There were people everywhere. At least that was how it looked once Nina’s eyes finally adjusted to the dim light. Some of them were curled up on mattresses and seemed to have gone to bed early. Others were sitting in small groups on the floor, talking and smoking. The ends of cigarettes glowed orangey-yellow among the men. And they were mostly men. Nina counted about twenty of various ages. There were a handful of women and, Nina guessed, a small number of children. It was hard to see exactly how many people were sleeping between all the sleeping bags, mattresses, and backpacks. Peter had said there were about fifty people living in the shop, the rest were probably still downtown begging, collecting bottles, selling flowers, or running shell games among the crowds on the pedestrian streets.
“Ápolónö.”
The man walked over to a skinny young woman who was sitting, holding a child in her arms, and pointed at Nina.
“Ápolónö,” he repeated. The woman looked at her. The child in her arms whimpered, writhing in spite of her constant rocking motions. She looked tired, and when Nina got closer, she could smell vomit lingering in the air.
Nina cautiously eased the child away from the woman and laid him on one of the thin, shabby mattresses next to the inspection pit. She guessed the boy was about three. His face looked like a three-year-old’s, but his body had been small and light as a feather in her arms. He had probably eaten too little and too poorly most of his life, she was guessing. The boy winced a little when she pulled his shirt up and slid her hand over the taut skin on his belly. He didn’t have a fever, but his skin felt warm and dry, and when she gently pinched his skin between her thumb and forefinger, a soft little ridge remained on his arm for a second too long.

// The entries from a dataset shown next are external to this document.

lemma mellin_tail_has_vector_derivative:
  "((\<lambda>v. of_real (exp_cosh_tail v) * exp (s * of_real v)) has_vector_derivative
      s * (of_real (exp_cosh_tail v) * exp (s * of_real v)) - bessel_kernel s (of_real v)) (at v)"
proof -
  have "((\<lambda>v. of_real (exp_cosh_tail v) :: complex) has_vector_derivative
          of_real (- exp (- 2 * cosh v))) (at v)"
    by (rule has_vector_derivative_of_real[OF exp_cosh_tail_has_derivative])
  moreover have "((\<lambda>v. exp (s * of_real v)) has_vector_derivative s * exp (s * of_real v)) (at v)"
    by (rule has_vector_derivative_real_field) (auto intro!: derivative_eq_intros)
  ultimately have "((\<lambda>v. of_real (exp_cosh_tail v) * exp (s * of_real v)) has_vector_derivative
      of_real (exp_cosh_tail v) * (s * exp (s * of_real v)) +
      of_real (- exp (- 2 * cosh v)) * exp (s * of_real v)) (at v)"
    by (rule has_vector_derivative_mult)
  moreover have "bessel_kernel s (of_real v) = of_real (exp (- 2 * cosh v)) * exp (s * of_real v)"
    by (simp add: bessel_kernel_def cosh_of_real exp_diff exp_minus field_simps flip: exp_of_real)
  ultimately show ?thesis
    by (simp add: algebra_simps)
qed

lemma mellin_tail_by_parts:
  assumes "0 < Re s"
  shows "s * integral UNIV (\<lambda>v. of_real (exp_cosh_tail v) * exp (s * of_real v)) = bessel_integral s"
proof -
  define H where "H = (\<lambda>v. of_real (exp_cosh_tail v) * exp (s * of_real v))"
  define k where "k = (\<lambda>v::real. bessel_kernel s (of_real v))"
  define B where "B = (\<lambda>v. (exp_cosh_integral + 2 * powr_exp_const (Re s + 1)) * exp (- \<bar>min (Re s) 1 * v\<bar>))"
  have H_int: "H integrable_on UNIV"
    using mellin_tail_absolutely_integrable[OF assms] by (simp add: H_def absolutely_integrable_on_def)
  have k_int: "k integrable_on UNIV"
    using bessel_kernel_absolutely_integrable by (simp add: k_def absolutely_integrable_on_def)
  have deriv: "(H has_vector_derivative s * H v - k v) (at v)" for v
    unfolding H_def k_def by (rule mellin_tail_has_vector_derivative)
  have "0 < min (Re s) 1" using assms by simp
  then have "(B \<longlongrightarrow> 0) at_top" "(B \<longlongrightarrow> 0) at_bot"
    unfolding B_def by real_asymp+
  moreover have H_lim: "(H \<longlongrightarrow> 0) F" if "(B \<longlongrightarrow> 0) F" for F
    by (rule Lim_null_comparison[OF always_eventually that])
       (use norm_mellin_tail_le[OF assms] in \<open>simp add: H_def B_def\<close>)
  ultimately have "integral UNIV (\<lambda>v. s * H v - k v) = 0 - 0"
    by (intro integral_UNIV_derivative[OF deriv] integrable_diff integrable_on_mult_right H_int k_int H_lim)
  then show ?thesis
    using integral_diff[OF integrable_on_mult_right[OF H_int] k_int]
    by (simp add: H_def k_def bessel_integral_def)
qed
(* Let $\bar x:[0,\infty)\to(0,1]$ be the solution of $\bar x'(t)=-\bar x^2(t)-(1-\bar x^2(t))\bar x(t)$, $\bar x(0)=1$, and consider the system $$\bar s_2'=\bar x^2+(1-\bar x^2)\bar s_2^2,\qquad \bar s_3'=3\bar x^2+3(1-\bar x^2)\bar s_2\bar s_3,\qquad \bar s_4'=7\bar x^2+(1-\bar x^2)\bigl(4\bar s_2\bar s_4+3\bar s_3^2\bigr),$$ with $\bar s_2(0)=\bar s_3(0)=\bar s_4(0)=1$. Let $t_c\in(0,\infty)$ be the explosion time of $\bar s_2$, i.e. $\bar s_2$ is defined on $[0,t_c)$ and $\bar s_2(t)\to+\infty$ as $t\uparrow t_c$. Then $\bar s_2,\bar s_3,\bar s_4$ are uniquely defined on $[0,t_c)$, and as $t\uparrow t_c$ there exist positive constants $\alpha,\beta$ such that $$\bar s_2(t)\sim\frac{\alpha}{t_c-t},\qquad \bar s_3(t)\sim\beta\,\bar s_2(t)^3\sim\frac{\beta\alpha^3}{(t_c-t)^3},\qquad \bar s_4(t)\sim 3\beta^2\bar s_2(t)^5\sim\frac{3\beta^2\alpha^5}{(t_c-t)^5}.$$ More precisely, $\bar s_k(t)=\gamma_k(t_c-t)^{-(2k-3)}\bigl(1+O(t_c-t)\bigr)$ for $k=2,3,4$, with $\gamma_2=\alpha$, $\gamma_3=\beta\alpha^3$, $\gamma_4=3\beta^2\alpha^5$. Here $\alpha=(1-\bar x^2(t_c))^{-1}$ and $\beta=g(t_c)$, where $g$ is defined as follows: let $f$ be the solution of $f'=-\bar x^2 f^2-(1-\bar x^2)$, $f(0)=1$ (so that $f=1/\bar s_2$ on $[0,t_c)$ and $f(t_c)=0$), and let $g$ be the solution of $g'=3\bar x^2 f^3-3\bar x^2 f g$, $g(0)=1$, i.e. $g(t)=e^{-G(t)}+3e^{-G(t)}\int_0^t e^{G(u)}\bar x^2(u)f^3(u)\,du$ with $G(t)=3\int_0^t\bar x^2(u)f(u)\,du$.
   Context: It is known (and used as part of the setting) that $\bar x$ exists and is positive for all $t\ge0$ and that $\bar s_2$ explodes at a finite time $t_c>0$. The notation $a(t)\sim b(t)$ means $a(t)/b(t)\to1$. *)

theory Defs
  imports "HOL-Analysis.Analysis" "HOL-Library.Landau_Symbols"
begin

definition xbar_ode :: "(real \<Rightarrow> real) \<Rightarrow> bool" where
  "xbar_ode x \<longleftrightarrow> x 0 = 1 \<and>
     (\<forall>t\<ge>0. (x has_real_derivative (- ((x t)^2) - (1 - (x t)^2) * x t)) (at t within (atLeast 0)))"

definition s_system_sol ::
  "(real \<Rightarrow> real) \<Rightarrow> real \<Rightarrow> (real \<Rightarrow> real) \<Rightarrow> (real \<Rightarrow> real) \<Rightarrow> (real \<Rightarrow> real) \<Rightarrow> bool" where
  "s_system_sol x tc s2 s3 s4 \<longleftrightarrow> s2 0 = 1 \<and> s3 0 = 1 \<and> s4 0 = 1 \<and>
     (\<forall>t\<in>{0..<tc}.
        (s2 has_real_derivative ((x t)^2 + (1 - (x t)^2) * (s2 t)^2)) (at t within {0..<tc}) \<and>
        (s3 has_real_derivative (3 * (x t)^2 + 3 * (1 - (x t)^2) * s2 t * s3 t)) (at t within {0..<tc}) \<and>
        (s4 has_real_derivative (7 * (x t)^2 + (1 - (x t)^2) * (4 * s2 t * s4 t + 3 * (s3 t)^2)))
           (at t within {0..<tc}))"

definition s2_sol :: "(real \<Rightarrow> real) \<Rightarrow> real \<Rightarrow> (real \<Rightarrow> real) \<Rightarrow> bool" where
  "s2_sol x tc s2 \<longleftrightarrow> s2 0 = 1 \<and>
     (\<forall>t\<in>{0..<tc}.
        (s2 has_real_derivative ((x t)^2 + (1 - (x t)^2) * (s2 t)^2)) (at t within {0..<tc}))"

definition f_sol :: "(real \<Rightarrow> real) \<Rightarrow> real \<Rightarrow> (real \<Rightarrow> real) \<Rightarrow> bool" where
  "f_sol x tc f \<longleftrightarrow> f 0 = 1 \<and>
     (\<forall>t\<in>{0..tc}.
        (f has_real_derivative (- ((x t)^2 * (f t)^2) - (1 - (x t)^2))) (at t within {0..tc}))"

definition g_sol :: "(real \<Rightarrow> real) \<Rightarrow> (real \<Rightarrow> real) \<Rightarrow> real \<Rightarrow> (real \<Rightarrow> real) \<Rightarrow> bool" where
  "g_sol x f tc g \<longleftrightarrow> g 0 = 1 \<and>
     (\<forall>t\<in>{0..tc}.
        (g has_real_derivative (3 * (x t)^2 * (f t)^3 - 3 * (x t)^2 * f t * g t)) (at t within {0..tc}))"

end

theory Submission
  imports Defs
begin

text \<open>
  The reciprocal f = 1/s2 solves a Riccati equation whose right-hand side stays bounded, so f
  is regular on [0, tc]; it vanishes at tc with slope -(1 - x(tc)^2) = -1/alpha, whence
  f(t) = (tc - t)/alpha (1 + O(tc - t)). The higher moments are explicit in f: the equation for g
  is exactly the one making g/f^3 solve the s3 equation, and s4 = (k + 3 g^2/f)/f^4 where k solves a
  linear equation with continuous coefficients on [0, tc], so k is bounded. A Gronwall argument for
  the triangular system identifies every solution with these, and the asymptotics follow from
  f ~ (tc - t)/alpha, g t \<rightarrow> g tc > 0 and k f = O(tc - t).
\<close>

lemma real_mvt_within:
  fixes f f' :: "real \<Rightarrow> real"
  assumes "a < b" and "{a..b} \<subseteq> S"
    and deriv: "\<forall>t\<in>{a..b}. (f has_real_derivative f' t) (at t within S)"
  shows "\<exists>z. a < z \<and> z < b \<and> f b - f a = (b - a) * f' z"
proof -
  have "(f has_derivative (\<lambda>h. f' t * h)) (at t within {a..b})" if "a \<le> t" "t \<le> b" for t
    using DERIV_subset[OF bspec[OF deriv] assms(2)] that by (simp add: has_field_derivative_def)
  from mvt_simple[OF \<open>a < b\<close> this] show ?thesis by (auto simp: mult.commute)
qed

lemma DERIV_within_nonneg_imp_le:
  fixes f f' :: "real \<Rightarrow> real"
  assumes "a \<le> b" and "{a..b} \<subseteq> S"
    and "\<forall>t\<in>{a..b}. (f has_real_derivative f' t) (at t within S)"
    and "\<forall>t\<in>{a..b}. 0 \<le> f' t"
  shows "f a \<le> f b"
proof (cases "a = b")
  case False
  with assms real_mvt_within[of a b S f f'] obtain z where "a < z" "z < b" "f b - f a = (b - a) * f' z"
    by auto
  with assms show ?thesis by (metis atLeastAtMost_iff diff_ge_0_iff_ge less_imp_le zero_le_mult_iff)
qed simp

lemma DERIV_within_bound:
  fixes f f' :: "real \<Rightarrow> real"
  assumes "a \<le> b" and "{a..b} \<subseteq> S"
    and "\<forall>t\<in>{a..b}. (f has_real_derivative f' t) (at t within S)"
    and "\<forall>t\<in>{a..b}. \<bar>f' t\<bar> \<le> B"
  shows "\<bar>f b - f a\<bar> \<le> B * (b - a)"
proof -
  have "(f has_real_derivative f' t) (at t within {a..b})" if "t \<in> {a..b}" for t
    using assms(2,3) that by (blast intro: DERIV_subset)
  with field_differentiable_bound[of "{a..b}" f f' B b a] assms(1,4) show ?thesis by auto
qed

lemma continuous_DERIV_imp_lipschitz_Icc:
  fixes f f' :: "real \<Rightarrow> real"
  assumes "\<forall>t\<in>{a..b}. (f has_real_derivative f' t) (at t within {a..b})"
    and "continuous_on {a..b} f'"
  shows "\<exists>L\<ge>0. \<forall>s\<in>{a..b}. \<forall>t\<in>{a..b}. \<bar>f t - f s\<bar> \<le> L * \<bar>t - s\<bar>"
proof -
  obtain B where "\<forall>t\<in>{a..b}. \<bar>f' t\<bar> \<le> B"
    using compact_imp_bounded[OF compact_continuous_image[OF assms(2) compact_Icc]]
    by (auto simp: bounded_iff)
  then have L: "\<forall>t\<in>{a..b}. \<bar>f' t\<bar> \<le> max B 0" by auto
  have "\<bar>f t - f s\<bar> \<le> max B 0 * \<bar>t - s\<bar>" if "s \<in> {a..b}" "t \<in> {a..b}" for s t
    using field_differentiable_bound[of "{a..b}" f f' "max B 0" t s] assms(1) L that by auto
  then show ?thesis by (intro exI[of _ "max B 0"]) auto
qed

lemma gronwall_vanishing:
  fixes d d' :: "real \<Rightarrow> real"
  assumes "{0..T} \<subseteq> S"
    and deriv: "\<forall>t\<in>{0..T}. (d has_real_derivative d' t) (at t within S)"
    and growth: "\<forall>t\<in>{0..T}. \<bar>d' t\<bar> \<le> M * \<bar>d t\<bar>"
    and "d 0 = 0"
  shows "\<forall>t\<in>{0..T}. d t = 0"
proof
  fix t assume t: "t \<in> {0..T}"
  then have sub: "{0..t} \<subseteq> S" using assms(1) by auto
  \<comment> \<open>The weighted square (d s)^2 exp(-2 M s) is nonincreasing.\<close>
  define E where "E s = exp (- 2 * M * s)" for s
  define D where "D s = - ((d s)^2 * E s)" for s
  have D': "\<forall>s\<in>{0..t}. (D has_real_derivative (2 * (M * (d s)^2 - d s * d' s) * E s)) (at s within S)"
  proof
    fix s assume "s \<in> {0..t}"
    then have "(d has_real_derivative d' s) (at s within S)" using deriv t by auto
    moreover have "(E has_real_derivative - 2 * M * E s) (at s within S)"
      unfolding E_def by (auto intro!: derivative_eq_intros)
    ultimately have "(D has_real_derivative - (2 * d s * d' s * E s + (d s)^2 * (- 2 * M * E s)))
        (at s within S)"
      unfolding D_def by (auto intro!: derivative_eq_intros)
    then show "(D has_real_derivative (2 * (M * (d s)^2 - d s * d' s) * E s)) (at s within S)"
      by (simp add: algebra_simps power2_eq_square)
  qed
  have D'_nonneg: "\<forall>s\<in>{0..t}. 0 \<le> 2 * (M * (d s)^2 - d s * d' s) * E s"
  proof
    fix s assume "s \<in> {0..t}"
    have "d s * d' s \<le> \<bar>d s\<bar> * \<bar>d' s\<bar>" by (simp add: abs_mult[symmetric])
    also have "\<dots> \<le> \<bar>d s\<bar> * (M * \<bar>d s\<bar>)"
      using growth \<open>s \<in> {0..t}\<close> t by (intro mult_left_mono) auto
    also have "\<dots> = M * (d s)^2" by (simp add: power2_eq_square abs_mult_self_eq)
    finally show "0 \<le> 2 * (M * (d s)^2 - d s * d' s) * E s" by (simp add: E_def)
  qed
  have "D 0 \<le> D t"
    using DERIV_within_nonneg_imp_le[OF _ sub D' D'_nonneg] t by simp
  then have "(d t)^2 * E t \<le> 0" using \<open>d 0 = 0\<close> by (simp add: D_def)
  then show "d t = 0" by (simp add: E_def mult_le_0_iff)
qed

“How long?” Nina asked, looking questioningly at the mother. The woman was surely no older than twenty-five herself but was missing two of her top teeth. She nodded as a sign that she had understood the question and held up three fingers.
“And you?”
The young woman suddenly looked embarrassed. Then she nodded and made a gesture with her hands in front of her mouth. Vomiting, Nina interpreted.
“Throw up.”
One of the young men, who had been following along nosily, now stepped in to contribute his meager English vocabulary. The woman had been sick, like her child, he explained, but it hadn’t been quite as bad. It was the kids who were really sick. They fell ill a couple of days ago. Throwing up, having nosebleeds. The man pointed meaningfully at his nose and stomach.